I crash landed into the eye of the storm.  In one broken piece of neglected relationships, anxiety and

self-loathing.

And like the check engine light on my car, I had plenty of warning.  

Justin Witmel Early describes this in his book The Common Rule:

The worst depths of my emotional breakdown happened when I began to fear my own mind.

After getting counseling, I up and moved to New Mexico for a show Albuquerque.  What possessed
me to decide within a week to pack a bag a move to another state for a show I wasn't even payed for AND (unbeknownst to me), would shut down after a week of shows, I don't know. 
And somehow, I don't regret it in the slightest.  

In my separation from acting, scheduling get-togethers, and the general hustle, I was forced to flip-flop


my last years plan.  I was forced to think.  I read.  And read.  And read about rest.  And rest while reading.  And as if God himself was trying to tell me something, (as if he like, communicates or something) suddenly all of my readings and homework papers were about rest.

I asked God to take me deeper, what ever that meant.  I realized that "going deeper" did not mean "making it bigger" or "doing more."  On the contrary.  God answered by prayers by teaching me to rest.  To think.  To wait.  To say no more than I say yes.
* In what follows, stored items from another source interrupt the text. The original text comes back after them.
(* Let $m\in\mathbb{N}$ and let $V_{n}(x)$, $n\in\mathbb{N}$, and $V(x)$ be 1-periodic complex-valued distributions in the Sobolev space $H_{+}^{-m}$ such that $V_{n}\to V$ in $H_{+}^{-m}$ as $n\to\infty$. Then the operators \[ S_{\pm}^{(n)}\equiv S_{\pm}(V_{n}):=D_{\pm}^{2m}\dotplus V_{n}(x),\qquad \mathrm{Dom}(S_{\pm}^{(n)})=\{u\in H_{\pm}^{m}\,|\,D_{\pm}^{2m}u+V_{n}(x)u\in L_{2}(0,1)\}, \] converge to the operators \[ S_{\pm}\equiv S_{\pm}(V)=D_{\pm}^{2m}\dotplus V(x),\qquad \mathrm{Dom}(S_{\pm})=\{u\in H_{\pm}^{m}\,|\,D_{\pm}^{2m}u+V(x)u\in L_{2}(0,1)\}, \] in the generalized convergence sense for closed operators (convergence in the gap metric between closed operators, as in Kato's Perturbation Theory for Linear Operators).
   Context: Work in the Hilbert space $L_{2}(0,1)$. For $s\in\mathbb{R}$, $H_{+}^{s}$ (resp. $H_{-}^{s}$) is the Sobolev space of 1-periodic (resp. 1-semiperiodic) functions/distributions $f=\sum_{k\in\mathbb{Z}}\widehat f(2k)e^{i2k\pi x}$ (resp. $f=\sum_{k}\widehat f(2k+1)e^{i(2k+1)\pi x}$) with norm $\big(\sum_k\langle 2k\rangle^{2s}|\widehat f(2k)|^2\big)^{1/2}$ (resp. $\big(\sum_k\langle 2k+1\rangle^{2s}|\widehat f(2k+1)|^2\big)^{1/2}$), $\langle k\rangle=1+|k|$. $D_{\pm}=-i\,d/dx$ with domain $H_{\pm}^{1}$, $D_{\pm}^{2m}:=|D_{\pm}|^{2m}$ with domain $H_{\pm}^{2m}$. $\langle\cdot,\cdot\rangle_{\pm}$ is the pairing between $H_{\pm}^{s}$ and $H_{\pm}^{-s}$ extending the $L_2(0,1)$ inner product. For $V\in H_{+}^{-m}$ the form-sum $S_{\pm}(V)=D_{\pm}^{2m}\dotplus V(x)$ is the m-sectorial operator associated (first representation theorem) with the closed densely defined sectorial form $t_{\pm}[u,v]=\langle D_{\pm}^{2m}u,v\rangle_{\pm}+\langle V(x)u,v\rangle_{\pm}$, $\mathrm{Dom}(t_{\pm})=H_{\pm}^{m}$; here $V(x)u$ is the formal product of Fourier series, which converges in $H_{\pm}^{-m}$ for $u\in H_{\pm}^{m}$ by the convolution lemma. *)

theory Defs
  imports "HOL-Analysis.Analysis"
begin

text \<open>
  A function/distribution
  on (0,1) is represented by its coefficient sequence f :: int => complex,
  where f n is the coefficient of exp(i n pi x).  1-periodic objects have
  coefficients supported on even n, 1-semiperiodic ones on odd n.
  The parity flag pl = True stands for the sign +, pl = False for -.
  L_2(0,1) is identified (unitarily, via the orthonormal basis
  exp(i n pi x), n even resp. n odd) with H^0_+ resp. H^0_-.
\<close>

definition bracket :: "int \<Rightarrow> real" where
  "bracket n = 1 + real_of_int \<bar>n\<bar>"

definition parity_ok :: "bool \<Rightarrow> int \<Rightarrow> bool" where
  "parity_ok pl n = (if pl then even n else odd n)"

definition sobolev :: "bool \<Rightarrow> real \<Rightarrow> (int \<Rightarrow> complex) set" where
  "sobolev pl s = {f. (\<forall>n. f n \<noteq> 0 \<longrightarrow> parity_ok pl n) \<and>
       (\<lambda>n. bracket n powr (2 * s) * (cmod (f n))\<^sup>2) summable_on UNIV}"

definition sob_norm :: "real \<Rightarrow> (int \<Rightarrow> complex) \<Rightarrow> real" where
  "sob_norm s f = sqrt (\<Sum>\<^sub>\<infinity>n. bracket n powr (2 * s) * (cmod (f n))\<^sup>2)"

text \<open>D^{2m} = |D|^{2m}, D = -i d/dx: multiplies the coefficient of
  exp(i n pi x) by |n pi|^{2m}.\<close>
definition Dpow :: "nat \<Rightarrow> (int \<Rightarrow> complex) \<Rightarrow> (int \<Rightarrow> complex)" where
  "Dpow m u = (\<lambda>n. complex_of_real ((pi * real_of_int \<bar>n\<bar>) ^ (2 * m)) * u n)"

text \<open>Formal product V(x)u of Fourier series (convolution of coefficients).\<close>
definition fmult :: "(int \<Rightarrow> complex) \<Rightarrow> (int \<Rightarrow> complex) \<Rightarrow> (int \<Rightarrow> complex)" where
  "fmult V u = (\<lambda>n. \<Sum>\<^sub>\<infinity>l. V (n - l) * u l)"

definition S_dom :: "bool \<Rightarrow> nat \<Rightarrow> (int \<Rightarrow> complex) \<Rightarrow> (int \<Rightarrow> complex) set" where
  "S_dom pl m V = {u \<in> sobolev pl (real m).
       (\<lambda>n. Dpow m u n + fmult V u n) \<in> sobolev pl 0}"

definition S_graph :: "bool \<Rightarrow> nat \<Rightarrow> (int \<Rightarrow> complex)
      \<Rightarrow> ((int \<Rightarrow> complex) \<times> (int \<Rightarrow> complex)) set" where
  "S_graph pl m V = {(u, (\<lambda>n. Dpow m u n + fmult V u n)) | u. u \<in> S_dom pl m V}"

definition l2sq :: "(int \<Rightarrow> complex) \<Rightarrow> real" where
  "l2sq f = (\<Sum>\<^sub>\<infinity>n. (cmod (f n))\<^sup>2)"

definition pnorm :: "(int \<Rightarrow> complex) \<times> (int \<Rightarrow> complex) \<Rightarrow> real" where
  "pnorm x = sqrt (l2sq (fst x) + l2sq (snd x))"

definition pdiff :: "(int \<Rightarrow> complex) \<times> (int \<Rightarrow> complex)
     \<Rightarrow> (int \<Rightarrow> complex) \<times> (int \<Rightarrow> complex) \<Rightarrow> (int \<Rightarrow> complex) \<times> (int \<Rightarrow> complex)" where
  "pdiff x y = ((\<lambda>n. fst x n - fst y n), (\<lambda>n. snd x n - snd y n))"

definition dist_to :: "(int \<Rightarrow> complex) \<times> (int \<Rightarrow> complex)
     \<Rightarrow> ((int \<Rightarrow> complex) \<times> (int \<Rightarrow> complex)) set \<Rightarrow> real" where
  "dist_to x N = Inf {pnorm (pdiff x y) | y. y \<in> N}"

text \<open>Kato's delta(M,N) (with delta(0,N) = 0) and the gap delta-hat.\<close>
definition gap_dir :: "((int \<Rightarrow> complex) \<times> (int \<Rightarrow> complex)) set
     \<Rightarrow> ((int \<Rightarrow> complex) \<times> (int \<Rightarrow> complex)) set \<Rightarrow> real" where
  "gap_dir M N = Sup (insert 0 {dist_to x N | x. x \<in> M \<and> pnorm x = 1})"

definition gap :: "((int \<Rightarrow> complex) \<times> (int \<Rightarrow> complex)) set
     \<Rightarrow> ((int \<Rightarrow> complex) \<times> (int \<Rightarrow> complex)) set \<Rightarrow> real" where
  "gap M N = max (gap_dir M N) (gap_dir N M)"

end

theory Submission
  imports Defs
begin

text \<open>
  On Fourier coefficients let \<open>\<rho>(n) = (\<pi>|n|)\<^sup>2\<^sup>m + \<mu>\<close> be the symbol of \<open>D\<^sup>2\<^sup>m + \<mu>\<close>. Then
  \<open>S(V) + \<mu> = \<rho>\<^sup>1\<^sup>/\<^sup>2 (I + K\<^sub>V) \<rho>\<^sup>1\<^sup>/\<^sup>2\<close> with \<open>K\<^sub>V = \<rho>\<^sup>-\<^sup>1\<^sup>/\<^sup>2 V \<rho>\<^sup>-\<^sup>1\<^sup>/\<^sup>2\<close>. By Peetre's inequality
  \<open>\<langle>n - l\<rangle> \<le> \<langle>n\<rangle>\<langle>l\<rangle>\<close> the squared Hilbert--Schmidt norm of \<open>K\<^sub>V\<close> is at most a constant times
  \<open>(\<Sum>\<^sub>n 1/\<rho>(n)) \<parallel>V\<parallel>\<^sup>2\<^sub>-\<^sub>m\<close>, and \<open>\<Sum>\<^sub>n 1/\<rho>(n) = O(\<mu>\<^sup>-\<^sup>1\<^sup>/\<^sup>2)\<close>. So one large shift \<open>\<mu>\<close> makes
  \<open>\<parallel>K\<^sub>W\<parallel> \<le> 1/2\<close> for all potentials \<open>W\<close> near \<open>V\<close>, and \<open>I + K\<^sub>W\<close> is inverted by a Neumann series.
  For a unit vector \<open>(u, S(V\<^sub>1)u)\<close> of one graph, the solution \<open>w\<close> of \<open>(S(V\<^sub>2) + \<mu>)w = (S(V\<^sub>1) + \<mu>)u\<close>
  gives the point \<open>(w, S(V\<^sub>2)w)\<close> of the other graph at distance \<open>O(\<parallel>V\<^sub>1 - V\<^sub>2\<parallel>\<^sub>-\<^sub>m)\<close>, since
  \<open>\<rho>\<^sup>1\<^sup>/\<^sup>2(u - w)\<close> solves \<open>(I + K\<^sub>V\<^sub>2) h = K\<^sub>V\<^sub>2\<^sub>-\<^sub>V\<^sub>1 \<rho>\<^sup>1\<^sup>/\<^sup>2 u\<close>. Hence the gap is locally Lipschitz in
  the potential.
\<close>

lemma divide_le_self: "0 \<le> x \<Longrightarrow> 1 \<le> c \<Longrightarrow> x / c \<le> (x::real)"
  by (simp add: divide_le_eq mult_le_cancel_left1)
The outcome of these practices lead to me longer, deeper conversations with God.  Writing.  Drawing.  Dancing.  Smiling.  Singing.  Going out with just me and Jesus.  Spending moments with him on the roof that were so magnificent I can't even being to describe them to you.  Spending time with friends and family out of love, not obligation or lonely compulsions.  Doing stupid things and filming it just to make people laugh.  And laughing.  I can laugh even when there's no one laughing with me.  I met a man who in many ways reminds me of Jesus.  I fell in love and jumped in mud and laid down in puddles and fell through ice and ran in the rain and cried and panicked and jumped in a hot air balloon and hiked and prayed and sang to God like there was no tomorrow.  It was just as much of an adventure as last year, only instead of resulting as a corpse I feel alive.  

And now I have returned.  Returned to the same ol' basement where I started the first sprouts of this


blog 4 years ago, and where I have since broken all myself-mandated blogging rules (Like consistency and length).  If you have made it all the way through this, I thank you, (now go get a life).  

Since moving back from my un-expected 6 month delay in Albuquerque, I dusted, cleaned, re-organized, and got rid of half of my nick-nacks minus the good memories.  I even took down the shelf I used to wallow under in self-hatred and depression.  Those demons are long slain, yet there's no sense in slaying the dragon and just leaving it's carcass beneath your bed to reek throughout the room.  Demons need to be cremated and buried too.

There's a check engine light.  It's quiet.  Subtle.  It doesn't demand your attention.  its just there.  Waiting for you to break when you least expect it.  Don't just consider the problem. 


Find it.  Open the hood.  Go deeper.  Take an early morning just to yourself.  Go someplace quiet, without your phone, without any distraction, and take 20 minutes to think.  And see what kind of check engine lights appear.

Search me, God, and know my heart; test me and know my anxious thoughts.  See if there is any offensive way in me, and lead me in the way everlasting.